In my opinion, Jiuzhaigou is easily the #1 best place we’ve visited in our 7 months of traveling, so far.  And I don’t even have to think about it that hard.  For Pnina it’s not so clear cut, but she would definitely place it in the top five.

So, at this point I’d like to pause to thank the guy who made me aware of Jiuzhaigou in the first place – Wayne Liu.  Wayne and I worked together at Microsoft years ago.  One day he came back from a vacation in China and he sent around an email to share some of his best photos.  His shots from Jiuzhaigou really floored me; I just couldn’t believe you could find green-blue lakes like that in the middle of a forest.  And in his case the photos were even more spectacular because he visited in the fall season, when the colors of the lakes contrast with the yellows, oranges, and reds of the deciduous trees.  Because of those photos I put Jiuzhaigou way high on my list of must-see places, and now that I’ve seen it I’m not disappointed at all.

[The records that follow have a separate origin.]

(* Let $\mathcal C=\{a_1C^1,\ldots,a_mC^m\}$ be a complete graph decomposition of a weighted graph $H=H(V,w)$, where $C^j$ has vertex set $V_j$. For each $u\in V$, let $\lambda(\mathcal C_u)$ be the sum of the smallest eigenvalues of the weighted graphs $a_jC^j$ with $u\in V_j$, and let $\lambda(\mathcal C)=\min_u\lambda(\mathcal C_u)$. Then $\lambda(H)\ge\lambda(\mathcal C)$. Moreover, equality holds if and only if there is a nonzero real vector $x=(x_u)_{u\in V}$ such that (1) $x_u=0$ whenever $\lambda(\mathcal C_u)>\lambda(\mathcal C)$; and (2) $x$ is constant on $V_j$ for every $j$ with $a_j<0$, and $\sum_{u\in V_j}x_u=0$ for every $j$ with $a_j>0$ and $|V_j|>1$.
   Context: A weighted graph $H(V,w)$ consists of a finite vertex set $V$ and a real function $w$ on unordered pairs $\{u,v\}$ of vertices (including $u=v$); its adjacency matrix $A(w)$ has $(u,v)$-entry $w(uv)$, and $\lambda(H)$ is its smallest eigenvalue. A decomposition of $H$ is a family of weighted graphs $H^j(V_j,w_j)$ with $V_j\subseteq V$ and $w(uv)=\sum_j w_j(uv)$ for all pairs, where $w_j(uv)=0$ if $u$ or $v$ is not in $V_j$. A complete graph decomposition is a decomposition in which each member is $a_jC^j$ with $a_j$ a nonzero real number and $C^j$ either the simple complete graph on $V_j$ ($|V_j|\ge 2$; weight $a_j$ on every pair of distinct vertices of $V_j$ and $0$ on loops) or the looped complete graph on $V_j$ ($|V_j|\ge1$; weight $a_j$ on every pair of vertices of $V_j$, including each loop $uu$). The complete graphs need not be subgraphs of $H$. *)

theory Defs
  imports Complex_Main
begin

text \<open>A weighted graph H(V,w) is a finite vertex set V together with a symmetric
  weight function w (w u u is the loop weight).  Its adjacency matrix is the
  V x V matrix with entries w u v.\<close>

definition is_eigenvalue :: "'a set \<Rightarrow> ('a \<Rightarrow> 'a \<Rightarrow> real) \<Rightarrow> real \<Rightarrow> bool" where
  "is_eigenvalue S M \<mu> \<longleftrightarrow>
     (\<exists>x :: 'a \<Rightarrow> real. (\<exists>u\<in>S. x u \<noteq> 0) \<and>
        (\<forall>u\<in>S. (\<Sum>v\<in>S. M u v * x v) = \<mu> * x u))"

definition smallest_eigenvalue :: "'a set \<Rightarrow> ('a \<Rightarrow> 'a \<Rightarrow> real) \<Rightarrow> real" where
  "smallest_eigenvalue S M = Min {\<mu>. is_eigenvalue S M \<mu>}"

text \<open>Weight function of the complete graph a*C on vertex set Vj:
  simple (looped = False) or looped (looped = True).\<close>
definition complete_weight :: "real \<Rightarrow> 'a set \<Rightarrow> bool \<Rightarrow> 'a \<Rightarrow> 'a \<Rightarrow> real" where
  "complete_weight a Vj looped u v =
     (if u \<in> Vj \<and> v \<in> Vj \<and> (u \<noteq> v \<or> looped) then a else 0)"

definition complete_graph_decomposition ::
  "'a set \<Rightarrow> ('a \<Rightarrow> 'a \<Rightarrow> real) \<Rightarrow> nat \<Rightarrow> (nat \<Rightarrow> real) \<Rightarrow> (nat \<Rightarrow> 'a set) \<Rightarrow> (nat \<Rightarrow> bool) \<Rightarrow> bool"
  where
  "complete_graph_decomposition V w m a Vs lp \<longleftrightarrow>
     (\<forall>j<m. a j \<noteq> 0 \<and> Vs j \<subseteq> V \<and> (if lp j then card (Vs j) \<ge> 1 else card (Vs j) \<ge> 2)) \<and>
     (\<forall>u\<in>V. \<forall>v\<in>V. w u v = (\<Sum>j<m. complete_weight (a j) (Vs j) (lp j) u v))"

definition lambda_Cu :: "nat \<Rightarrow> (nat \<Rightarrow> real) \<Rightarrow> (nat \<Rightarrow> 'a set) \<Rightarrow> (nat \<Rightarrow> bool) \<Rightarrow> 'a \<Rightarrow> real" where
  "lambda_Cu m a Vs lp u =
     (\<Sum>j\<in>{j. j < m \<and> u \<in> Vs j}. smallest_eigenvalue (Vs j) (complete_weight (a j) (Vs j) (lp j)))"

definition lambda_C :: "'a set \<Rightarrow> nat \<Rightarrow> (nat \<Rightarrow> real) \<Rightarrow> (nat \<Rightarrow> 'a set) \<Rightarrow> (nat \<Rightarrow> bool) \<Rightarrow> real" where
  "lambda_C V m a Vs lp = Min (lambda_Cu m a Vs lp ` V)"

end

theory Submission imports Defs "Jordan_Normal_Form.Spectral_Radius" begin

text \<open>Write \<open>q\<^sub>M(x) = \<Sum>\<^sub>u\<^sub>,\<^sub>v x\<^sub>u M\<^sub>u\<^sub>v x\<^sub>v\<close>. The quadratic form of \<open>H\<close> is the sum of those of the members
  \<open>a\<^sub>j C\<^sup>j\<close>, and for one complete graph \<open>q\<^sub>j(x) \<ge> \<lambda>(a\<^sub>j C\<^sup>j) \<Sum>\<^sub>u\<^sub>\<in>\<^sub>V\<^sub>j x\<^sub>u\<^sup>2\<close>, with equality exactly when
  \<open>x\<close> is constant on \<open>V\<^sub>j\<close> (if \<open>a\<^sub>j < 0\<close>) or sums to zero on \<open>V\<^sub>j\<close> (if \<open>a\<^sub>j > 0\<close>, \<open>|V\<^sub>j| > 1\<close>):
  this is Cauchy-Schwarz against the all-ones vector. Regrouping by vertices,
  \<open>q\<^sub>H(x) - \<lambda>(C) \<parallel>x\<parallel>\<^sup>2 = \<Sum>\<^sub>j (q\<^sub>j(x) - \<lambda>(a\<^sub>j C\<^sup>j) \<parallel>x|\<^sub>V\<^sub>j\<parallel>\<^sup>2) + \<Sum>\<^sub>u (\<lambda>(C\<^sub>u) - \<lambda>(C)) x\<^sub>u\<^sup>2\<close>
  is a sum of nonnegative terms. At an eigenvector of \<open>\<lambda>(H)\<close> the left side is
  \<open>(\<lambda>(H) - \<lambda>(C)) \<parallel>x\<parallel>\<^sup>2\<close>, which gives the inequality and, in case of equality, conditions (1)
  and (2). Conversely, a vector satisfying (1) and (2) is an eigenvector of every member for its
  smallest eigenvalue, hence an eigenvector of \<open>H\<close> for \<open>\<lambda>(C)\<close>.\<close>

section \<open>Eigenvalues of symmetric weight functions\<close>

definition quad_form :: "'a set \<Rightarrow> ('a \<Rightarrow> 'a \<Rightarrow> real) \<Rightarrow> ('a \<Rightarrow> real) \<Rightarrow> real" where
  "quad_form S M x = (\<Sum>u\<in>S. x u * (\<Sum>v\<in>S. M u v * x v))"

lemma sum_set_eq_sum_nth:
  "distinct xs \<Longrightarrow> (\<Sum>v\<in>set xs. f v) = (\<Sum>j=0..<length xs. f (xs ! j))"
  by (simp add: sum_list_distinct_conv_sum_set[symmetric] sum_list_sum_nth)

lemma eigen_equation_iff_eigenvalue_mat:
  fixes M :: "'a \<Rightarrow> 'a \<Rightarrow> 'b::field"
  assumes d: "distinct xs"
  shows "(\<exists>x. (\<exists>u\<in>set xs. x u \<noteq> 0) \<and> (\<forall>u\<in>set xs. (\<Sum>v\<in>set xs. M u v * x v) = \<mu> * x u))
     \<longleftrightarrow> eigenvalue (mat (length xs) (length xs) (\<lambda>(i, j). M (xs ! i) (xs ! j))) \<mu>"
    (is "?L \<longleftrightarrow> eigenvalue ?B \<mu>")
proof
  let ?n = "length xs"
  assume ?L
  then obtain x where nz: "\<exists>u\<in>set xs. x u \<noteq> 0"
    and eq: "\<forall>u\<in>set xs. (\<Sum>v\<in>set xs. M u v * x v) = \<mu> * x u" by blast
  define v where "v = vec ?n (\<lambda>j. x (xs ! j))"
  have "v \<in> carrier_vec ?n" by (simp add: v_def)
  moreover have "v \<noteq> 0\<^sub>v ?n"
    using nz by (auto simp: v_def in_set_conv_nth vec_eq_iff)
  moreover have "?B *\<^sub>v v = \<mu> \<cdot>\<^sub>v v"
  proof (rule eq_vecI)
    fix i assume "i < dim_vec (\<mu> \<cdot>\<^sub>v v)"
    hence i: "i < ?n" by (simp add: v_def)
    have "(?B *\<^sub>v v) $ i = (\<Sum>j=0..<?n. M (xs ! i) (xs ! j) * x (xs ! j))"
      using i by (simp add: scalar_prod_def v_def)
    also have "\<dots> = (\<Sum>w\<in>set xs. M (xs ! i) w * x w)"
      by (simp add: sum_set_eq_sum_nth[OF d])
    also have "\<dots> = \<mu> * x (xs ! i)"
      using eq i by simp
    finally show "(?B *\<^sub>v v) $ i = (\<mu> \<cdot>\<^sub>v v) $ i" using i by (simp add: v_def)
  qed (simp add: v_def)
  ultimately show "eigenvalue ?B \<mu>"
    unfolding eigenvalue_def eigenvector_def by auto
next
  let ?n = "length xs"
  assume "eigenvalue ?B \<mu>"
  then obtain v where vc: "v \<in> carrier_vec ?n" and v0: "v \<noteq> 0\<^sub>v ?n"
    and ev: "?B *\<^sub>v v = \<mu> \<cdot>\<^sub>v v"
    unfolding eigenvalue_def eigenvector_def by auto
  have b: "bij_betw ((!) xs) {..<?n} (set xs)" by (rule bij_betw_nth) (use d in auto)
  define x where "x u = v $ inv_into {..<?n} ((!) xs) u" for u
  have xv: "x (xs ! j) = v $ j" if "j < ?n" for j
    using b that unfolding x_def bij_betw_def by simp
  have "\<exists>u\<in>set xs. x u \<noteq> 0"
  proof (rule ccontr)
    assume "\<not> ?thesis"
    hence "v = 0\<^sub>v ?n" using vc xv by (intro eq_vecI) auto
    with v0 show False ..
  qed
  moreover have "(\<Sum>w\<in>set xs. M u w * x w) = \<mu> * x u" if "u \<in> set xs" for u
  proof -
    obtain i where i: "i < ?n" "xs ! i = u" using \<open>u \<in> set xs\<close> by (auto simp: in_set_conv_nth)
    have "(\<Sum>w\<in>set xs. M u w * x w) = (?B *\<^sub>v v) $ i"
      using i vc xv by (simp add: sum_set_eq_sum_nth[OF d] scalar_prod_def)
    also have "\<dots> = \<mu> * x u" using ev i vc xv[of i] by simp
    finally show ?thesis .
  qed
  ultimately show ?L by blast
qed

lemma finite_eigenvalues:
  assumes "finite S"
  shows "finite {\<mu>. is_eigenvalue S M \<mu>}"
proof -
  obtain xs where d: "distinct xs" and s: "set xs = S"
    using finite_distinct_list[OF assms] by metis
  let ?B = "mat (length xs) (length xs) (\<lambda>(i, j). M (xs ! i) (xs ! j))"
  have "{\<mu>. is_eigenvalue S M \<mu>} = spectrum ?B"
    unfolding spectrum_def is_eigenvalue_def
    using eigen_equation_iff_eigenvalue_mat[OF d, of M] s by auto
  thus ?thesis using card_finite_spectrum(1)[of ?B "length xs"] by simp
qed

So, in short, thanks Wayne!

By the way, Wayne has also left Microsoft and now works on a Facebook application that helps non-profits raise money.  If you’re interested, check it out: Causemunity.

Jiuzhaigou, The Song?

A few times during our trip we came to associate a song with a location.  For example, in Nepal (especially in Kathmandu’s Thamel neighborhood) you can’t walk 10 feet without hearing this new-age song with monks chanting a Buddhist prayer: Om Mani Padme Hum.  Every time I think about Nepal, that song comes to mind.  The same thing happened in China – we kept hearing this one song all the time, on every bus ride, in most restaurants, etc.  After about five listens I had the tune down, so whenever we met a local person I would hum or whistle the tune and ask them what it’s called.  Everyone recognized the song, but oddly enough, I never managed to learn the song’s name.  One person said that it’s a song about Jiuzhaigou, but we’re not so sure.  So here’s the challenge.  I managed to take this snapshot of a karaoke version of the song playing on one of our bus rides:

chinese song karaoke

If you know Chinese and you can track down a version of this song online (e.g. YouTube) you win some prize TBA.

Sichuan Cuisine

Jiuzhaigou was the first place where we got a chance to taste real Sichuan cuisine.  We stopped at a small hot-pot restaurant that was full of local tourists (always a good sign), and we asked for what they were having.  We got a huge pot full of various chicken pieces and vegetables, all drowning in hot oil.  Now, we’d heard that Sichuanese food is spicy, but we weren’t fully prepared for this dish.  After the first few bites we felt a funny sensation in our mouths.  First it felt like a sour bomb explosion, and then it felt like nothing – our mouths went numb.  The culprit, it turned out, is this little pepper called Waja (or something like that) – it gives the sour bomb plus numbness effect.  It’s usually coupled with a standard hot chilly pepper.  The combination is called “Na La”, and it’s a staple of nearly all Sichuanese dishes, not just hot-pot.  Once we figured this out, we spent a lot of time fishing those pesky waja peppers out of our dishes before we proceeded to eat.  Pnina called them “danger zone”.  🙂  Waja aside, we found that Sichuanese food was frequently just way too oily for our taste.  But there were a few occasions where the food happened to be not that greasy in which case it was very good.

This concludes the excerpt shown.